Acoustic velocities are one of the key measurements for production enhancement and increased drilling efficiency in unconventional reservoirs, but the environment can present considerable complications to accurate data interpretation. Because these reservoirs are often produced by way of horizontal boreholes through shales, the sonic logs respond to intrinsic shale anisotropy, natural fractures, drilling induced stress, and nearby beds above or below the target formation. These intertwined effects frequently lead to misinterpretations such as picking a compressional slowness from an approaching bed but the shear slowness from the current formation, leading to odd (and confusing) geomechanical results. Other times, shale anisotropy is inadvertently assumed to be linked to natural fracture networks.

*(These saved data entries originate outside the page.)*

(* Let $\epsilon>0$ and let $A^\epsilon$ be an arbitrary selfadjoint operator in $\mathcal{H}$ with $\overline{W(A^\epsilon)}=[\inf W(A)-\epsilon,\sup W(A)+\epsilon]$. Define \[ T^\epsilon(\omega):=A^\epsilon-\omega^2-\frac{\omega^2}{c-id\omega-\omega^2}B,\quad \mathop{\rm dom} T^\epsilon(\omega)=\mathop{\rm dom} A^\epsilon,\quad \omega\in\mathcal{C}, \] and let $W_\Omega(T^\epsilon)$ be the enclosure of the numerical range of $T^\epsilon$ defined in the same way as $W_\Omega(T)$, i.e. with $\Omega$ replaced by $\overline{W(A^\epsilon)}\times\overline{W(B)}$. Then $\overline{W_\Omega^\epsilon(T)}\cap i\mathbb{R}=W_\Omega(T^\epsilon)\cap i\mathbb{R}$.
   Context: Let $\mathcal{H}$ be a Hilbert space, $A$ a selfadjoint operator in $\mathcal{H}$, $B$ a non-zero bounded selfadjoint operator in $\mathcal{H}$, and $c\geq 0$, $d>0$ real constants. Set $\theta:=\sqrt{c-d^2/4}$ (principal square root), $\delta_\pm:=\pm\theta-id/2$, $\mathcal{C}:=\mathbb{C}\setminus\{\delta_+,\delta_-\}$, and \[ T(\omega):=A-\omega^2-\frac{\omega^2}{c-id\omega-\omega^2}B,\quad \mathop{\rm dom} T(\omega)=\mathop{\rm dom} A,\quad \omega\in\mathcal{C}. \] $W(\cdot)$ denotes the numerical range of an operator. For $(\alpha,\beta)\in\mathbb{R}^2$ let $t_{(\alpha,\beta)}(\omega):=\alpha-\omega^2-\frac{\omega^2}{c-id\omega-\omega^2}\beta$ and $p_{(\alpha,\beta)}(\omega):=(\alpha-\omega^2)(c-id\omega-\omega^2)-\beta\omega^2$, with roots $r_n(\alpha,\beta)$, $n=1,\dots,4$, ordered continuously in $(\alpha,\beta)$ and extended to $\alpha=\pm\infty$ by their limit values in $\overline{\mathbb{C}}=\mathbb{C}\cup\{\infty\}$. Let $\Omega:=\overline{W(A)}\times\overline{W(B)}\subset\overline{\mathbb{R}}\times\mathbb{R}$ and $W_\Omega(T):=\bigcup_{n=1}^4\bigcup_{(\alpha,\beta)\in\Omega}r_n(\alpha,\beta)$, an enclosure of the numerical range of $T$. For $\epsilon>0$ define the enclosure of the $\epsilon$-pseudonumerical range \[ W_\Omega^\epsilon(T):=W_\Omega(T)\cup\{\omega\in\mathcal{C}\setminus W_\Omega(T):\exists(\alpha,\beta)\in\Omega,\ |t_{(\alpha,\beta)}(\omega)|<\epsilon\}. \] *)

theory Defs
  imports "HOL-Analysis.Analysis"
begin

class complex_vector = real_vector +
  fixes scaleC :: "complex \<Rightarrow> 'a \<Rightarrow> 'a"
  assumes scaleC_add_right: "scaleC a (x + y) = scaleC a x + scaleC a y"
    and scaleC_add_left: "scaleC (a + b) x = scaleC a x + scaleC b x"
    and scaleC_scaleC: "scaleC a (scaleC b x) = scaleC (a * b) x"
    and scaleC_one: "scaleC 1 x = x"
    and scaleR_scaleC: "scaleR r x = scaleC (complex_of_real r) x"

class complex_inner = complex_vector + real_normed_vector +
  fixes cinner :: "'a \<Rightarrow> 'a \<Rightarrow> complex"
  assumes cinner_conj: "cinner x y = cnj (cinner y x)"
    and cinner_add_left: "cinner (x + y) z = cinner x z + cinner y z"
    and cinner_scaleC_left: "cinner (scaleC r x) y = cnj r * cinner x y"
    and cinner_real_nonneg: "Im (cinner x x) = 0 \<and> Re (cinner x x) \<ge> 0"
    and cinner_eq_zero_iff: "cinner x x = 0 \<longleftrightarrow> x = 0"
    and norm_eq_sqrt_cinner: "norm x = sqrt (Re (cinner x x))"

class chilbert_space = complex_inner + complete_space

definition csubspace :: "'a::complex_vector set \<Rightarrow> bool" where
  "csubspace S \<longleftrightarrow> 0 \<in> S \<and> (\<forall>x\<in>S. \<forall>y\<in>S. x + y \<in> S) \<and> (\<forall>c. \<forall>x\<in>S. scaleC c x \<in> S)"

definition clinear_on :: "'a::complex_vector set \<Rightarrow> ('a \<Rightarrow> 'a) \<Rightarrow> bool" where
  "clinear_on D A \<longleftrightarrow> csubspace D \<and>
     (\<forall>x\<in>D. \<forall>y\<in>D. A (x + y) = A x + A y) \<and> (\<forall>c. \<forall>x\<in>D. A (scaleC c x) = scaleC c (A x))"

definition adjoint_dom :: "'a::complex_inner set \<Rightarrow> ('a \<Rightarrow> 'a) \<Rightarrow> 'a set" where
  "adjoint_dom D A = {y. \<exists>z. \<forall>x\<in>D. cinner (A x) y = cinner x z}"

text \<open>Selfadjoint: densely defined, linear, symmetric, and dom A* contained in dom A
  (hence A* = A).\<close>
definition selfadjoint :: "'a::complex_inner set \<Rightarrow> ('a \<Rightarrow> 'a) \<Rightarrow> bool" where
  "selfadjoint D A \<longleftrightarrow> clinear_on D A \<and> closure D = UNIV \<and>
     (\<forall>x\<in>D. \<forall>y\<in>D. cinner (A x) y = cinner x (A y)) \<and> adjoint_dom D A \<subseteq> D"

definition bounded_op :: "('a::complex_inner \<Rightarrow> 'a) \<Rightarrow> bool" where
  "bounded_op B \<longleftrightarrow> (\<exists>K. \<forall>x. norm (B x) \<le> K * norm x)"

definition numrange :: "'a::complex_inner set \<Rightarrow> ('a \<Rightarrow> 'a) \<Rightarrow> complex set" where
  "numrange D A = {cinner x (A x) | x. x \<in> D \<and> norm x = 1}"

definition numrange_cl_ext :: "'a::complex_inner set \<Rightarrow> ('a \<Rightarrow> 'a) \<Rightarrow> ereal set" where
  "numrange_cl_ext D A = closure (ereal ` Re ` numrange D A)"

definition numrange_cl_real :: "('a::complex_inner \<Rightarrow> 'a) \<Rightarrow> real set" where
  "numrange_cl_real B = {\<beta>. complex_of_real \<beta> \<in> closure (numrange UNIV B)}"

definition theta :: "real \<Rightarrow> real \<Rightarrow> complex" where
  "theta c d = csqrt (complex_of_real (c - d\<^sup>2 / 4))"

definition delta_p :: "real \<Rightarrow> real \<Rightarrow> complex" where
  "delta_p c d = theta c d - \<i> * complex_of_real (d / 2)"

definition delta_m :: "real \<Rightarrow> real \<Rightarrow> complex" where
  "delta_m c d = - theta c d - \<i> * complex_of_real (d / 2)"

definition calC :: "real \<Rightarrow> real \<Rightarrow> complex set" where
  "calC c d = UNIV - {delta_p c d, delta_m c d}"

definition t_fun :: "real \<Rightarrow> real \<Rightarrow> real \<Rightarrow> real \<Rightarrow> complex \<Rightarrow> complex" where
  "t_fun c d \<alpha> \<beta> \<omega> = complex_of_real \<alpha> - \<omega>\<^sup>2
     - \<omega>\<^sup>2 / (complex_of_real c - \<i> * complex_of_real d * \<omega> - \<omega>\<^sup>2) * complex_of_real \<beta>"

definition p_fun :: "real \<Rightarrow> real \<Rightarrow> real \<Rightarrow> real \<Rightarrow> complex \<Rightarrow> complex" where
  "p_fun c d \<alpha> \<beta> \<omega> = (complex_of_real \<alpha> - \<omega>\<^sup>2) * (complex_of_real c - \<i> * complex_of_real d * \<omega> - \<omega>\<^sup>2)
     - complex_of_real \<beta> * \<omega>\<^sup>2"

text \<open>The finite values r_n(a,beta), n=1..4. For finite a these are the roots of p_(a,beta);
  for a = +/-infinity they are the (finite) limit values of the root branches as alpha tends
  to a, i.e. the limits of roots of p_(alpha_k,beta) along sequences alpha_k tending to a.
  The value infinity in the extended complex plane is not recorded.\<close>
definition roots_ext :: "real \<Rightarrow> real \<Rightarrow> ereal \<Rightarrow> real \<Rightarrow> complex set" where
  "roots_ext c d a \<beta> =
     (case a of
        ereal \<alpha> \<Rightarrow> {\<omega>. p_fun c d \<alpha> \<beta> \<omega> = 0}
      | _ \<Rightarrow> {z. \<exists>\<alpha>s \<omega>s. (\<lambda>k. ereal (\<alpha>s k)) \<longlonglongrightarrow> a \<and>
                 (\<forall>k. p_fun c d (\<alpha>s k) \<beta> (\<omega>s k) = 0) \<and> \<omega>s \<longlonglongrightarrow> z})"

text \<open>W_Omega(T) intersected with the complex plane.\<close>
definition W_Omega :: "real \<Rightarrow> real \<Rightarrow> (ereal \<times> real) set \<Rightarrow> complex set" where
  "W_Omega c d \<Omega> = (\<Union>(a, \<beta>)\<in>\<Omega>. roots_ext c d a \<beta>)"

text \<open>Enclosure of the epsilon-pseudonumerical range; t_(alpha,beta) is only meaningful
  for finite alpha.\<close>
definition W_Omega_eps :: "real \<Rightarrow> real \<Rightarrow> (ereal \<times> real) set \<Rightarrow> real \<Rightarrow> complex set" where
  "W_Omega_eps c d \<Omega> \<epsilon> = W_Omega c d \<Omega> \<union>
     {\<omega> \<in> calC c d - W_Omega c d \<Omega>. \<exists>\<alpha> \<beta>. (ereal \<alpha>, \<beta>) \<in> \<Omega> \<and> norm (t_fun c d \<alpha> \<beta> \<omega>) < \<epsilon>}"

end

(*
  Write q(omega) = c - i d omega - omega^2, so that p_(alpha,beta) = alpha q - omega^2 (q + beta)
  and t_(alpha,beta) = p_(alpha,beta) / q away from the zeros delta_+, delta_- of q.

  Points of the epsilon-enclosure satisfy |p_(alpha,beta)(omega)| <= epsilon |q(omega)| for some
  (alpha,beta) in Omega, except root values at alpha = +/-infinity, and these are exactly
  delta_+ and delta_-. The relaxed set, together with delta_+/- when W(A) is unbounded, is closed:
  away from the zeros of q the inequality bounds alpha, so limits can be taken along convergent
  subsequences of the parameters. On the imaginary axis p and q are real, so the inequality says
  that omega is a root of p_(alpha - tau, beta) with |tau| <= epsilon, i.e. a root for a parameter
  in the closure of W(A^epsilon).

  Conversely, a root of p_(alpha',beta) with alpha' in the closure of W(A^epsilon) has alpha' within
  epsilon of some alpha in the closure of W(A), since W(A) is an interval; the open mapping theorem
  for t_(0,beta) then gives points arbitrarily close to the root where |t_(alpha,beta)| < epsilon.
*)

theory Submission
  imports Defs "HOL-Complex_Analysis.Conformal_Mappings"
begin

Interpretations from different vendors, and even different analysts within the same team might vary greatly due to different processing methods. Thus, we need to consider the various aspects of sonic response in horizontal wellbore through unconventional reservoirs and proscribe a workflow and quality control regime to ensure consistent and valid results.

We begin with a discussion of the unconventional reservoir applications which require sonic data as key inputs, followed by a brief review of 3D anisotropy. The remainder of the work focuses on understanding the complex sonic log responses in horizontal shale reservoirs. A workflow is described, with the goal of correctly determining the compressional and shear velocities for the bed in which the tool resides as well as the nearby beds. Several field examples will be examined in detail, describing the correct methods for interpretation and the common pitfalls. Examples of how incorrectly interpreted results impact formation evaluation calculations follow. Finally, operational recommendations to optimise sonic data collection in shale reservoirs will round out the discussion.